I remember it was a Sunday morning and I had just finished getting ready to go to work when I noticed I had two missed calls, one from work and one from my manager’s cellphone. I thought, “Crap! Was I supposed to go in earlier?!” I immediately called back… I remember my manager’s exact words as he asked me, “Did you hear what happened to Blanquita?” I think I had about a thousand thoughts in a second, but I wasn’t prepared for what he would say. He told me she had passed away in a car accident, and it might have been the shock, but I thought he was lying to me. I thought it was some kind of horrible joke. The tears began to run down my face, and once I started, I could not stop crying. My sister was at work, but I called to tell her because I didn’t want her to find out any other way. I hung up. With great efforts I tried to keep it together while I redid my makeup. I began to walk to work and saw my sister in her car driving home. She had left work early. She gave me a ride and we cried in the car together…because what else could we do?
I walked into work; the restaurant felt sad and gloomy and my coworkers and I all had red eyes and knotted throats. We had to keep it together. Later, we found out 4 other girls (3 that I knew) were involved, and Ana, a mother of 2 beautiful kids had also passed away. It was heartbreaking and I was worried. It didn’t help that throughout the day, customers were asking about what had happened. I just wanted to tell them to shut up. I just wanted to go home. I JUST wanted to cry until there were no more tears.
I think loss comes with many emotions, and anger is definitely one of them. I’m angry because she was too young, I’m angry because her life was going great; amongst other things, she had just gotten her license and bought a car. She was attending college. She had just come back from a trip to New York. Blanca had plans just like the rest of us!

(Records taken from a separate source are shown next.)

lemma pregroupoid_cancel_right:
  assumes A3: "is_A3 C qx qy L l1 l2 l3" and KY: "is_pullback C qy qy KY r1 r2"
    and p: "pregroupoid_structure C L l1 l2 l3 k1 k2 r1 r2 p"
    and b: "hom C T (Dom C qx) b" and c: "hom C T (Dom C qx) c" and bc: "qy \<cdot> b = qy \<cdot> c"
  shows "p \<cdot> triple C L l1 l2 l3 b b c = c"
proof -
  have dq: "Dom C qy = Dom C qx" using A3 unfolding is_A3_def by simp
  let ?h = "pbpair C KY r1 r2 b c"
  let ?k = "triple C L l1 l2 l3 r1 r1 r2"
  have h: "hom C T KY ?h" "r1 \<cdot> ?h = b" "r2 \<cdot> ?h = c"
    using KY b c bc dq by (auto intro: pbpair_hom pbpair_proj1 pbpair_proj2)
  have r: "hom C KY (Dom C qx) r1" "hom C KY (Dom C qx) r2" "qy \<cdot> r1 = qy \<cdot> r2"
    using KY dq unfolding is_pullback_def by auto
  have k_hom: "hom C KY L ?k" using A3 r by (intro triple_hom) auto
  have p_hom: "hom C L (Dom C qx) p"
    using p A3 unfolding pregroupoid_structure_def is_A3_def hom_def by auto
  have "?k \<cdot> ?h = triple C L l1 l2 l3 b b c"
    using triple_comp[OF A3 r(1,1,2) refl r(3) h(1)] h(2,3) by simp
  then have "p \<cdot> triple C L l1 l2 l3 b b c = (p \<cdot> ?k) \<cdot> ?h"
    using comp_assoc[OF h(1) k_hom p_hom] by simp
  also have "\<dots> = c" using p h(3) unfolding pregroupoid_structure_def by simp
  finally show ?thesis .
qed

end

locale pointed_category = category_axioms +
  assumes pointed: "pointed C"
begin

I think about her every day, about 4 or 5 times, sometimes all day…and I don’t think that’ll ever change, but I don’t mind. I sometimes forget what her smile looked like, so I’ll visit her Instagram page just to refresh my memory. I get mad at myself for forgetting her voice and her silly laugh, and when I finally remember, I feel relieved and I hope that I never forget them again. We had known each other for about a decade. We were in Middle School drill team together and she was my sister’s friend, but we didn’t become close until we started working together at the restaurant. If it hurts me this much that she’s gone, I can’t imagine what it’s like for the people that were even closer to her.
I sometimes still can’t believe she’s gone and I only find comfort in knowing that she lived her life to the fullest. She worked hard but made sure to enjoy her time off. She loved to dance and she loved to spend time with her friends. (I’ll never forget the time we went out salsa dancing, trying to copy everyone else’s moves.)
I still remember us rolling up silverware at work and talking about what our costumes would be for Halloween. That was the last time I talked to her- a week before she passed. We talked about ninjas and laughed about a unibrow (I was Frida Kahlo). I don’t care what the topic was, I just know I’ll cherish that moment forever.
The point of this post is not to bring back memories of the day of Blanca’s death or even give you details on the accident; it’s to tell you to enjoy your life every minute of every day, even if it sounds cliché. Life is unexpected and sometimes tomorrow never comes; don’t let a tragedy remind you of that. You make plans and you have dreams, but that doesn’t mean anything if you’re not acting on them now…TODAY. Every chance you get, tell the people you love that you love them. Be kind and laugh as often as possible. Never take yourself too seriously. Make your mark just like Blanca did and give people a damn good reason to remember you.
I’ll remember Blanca as the selfless, hard-working fun girl with the silly laugh and the beautiful smile. And when my time comes, I hope people remember me as the girl who loved to travel and the girl who loved her friends and family endlessly.
P.S. I hope you know how much I cried while writing this…and I hope you’re all living your life to the fullest and doing what makes you happy, or at least searching for your happiness.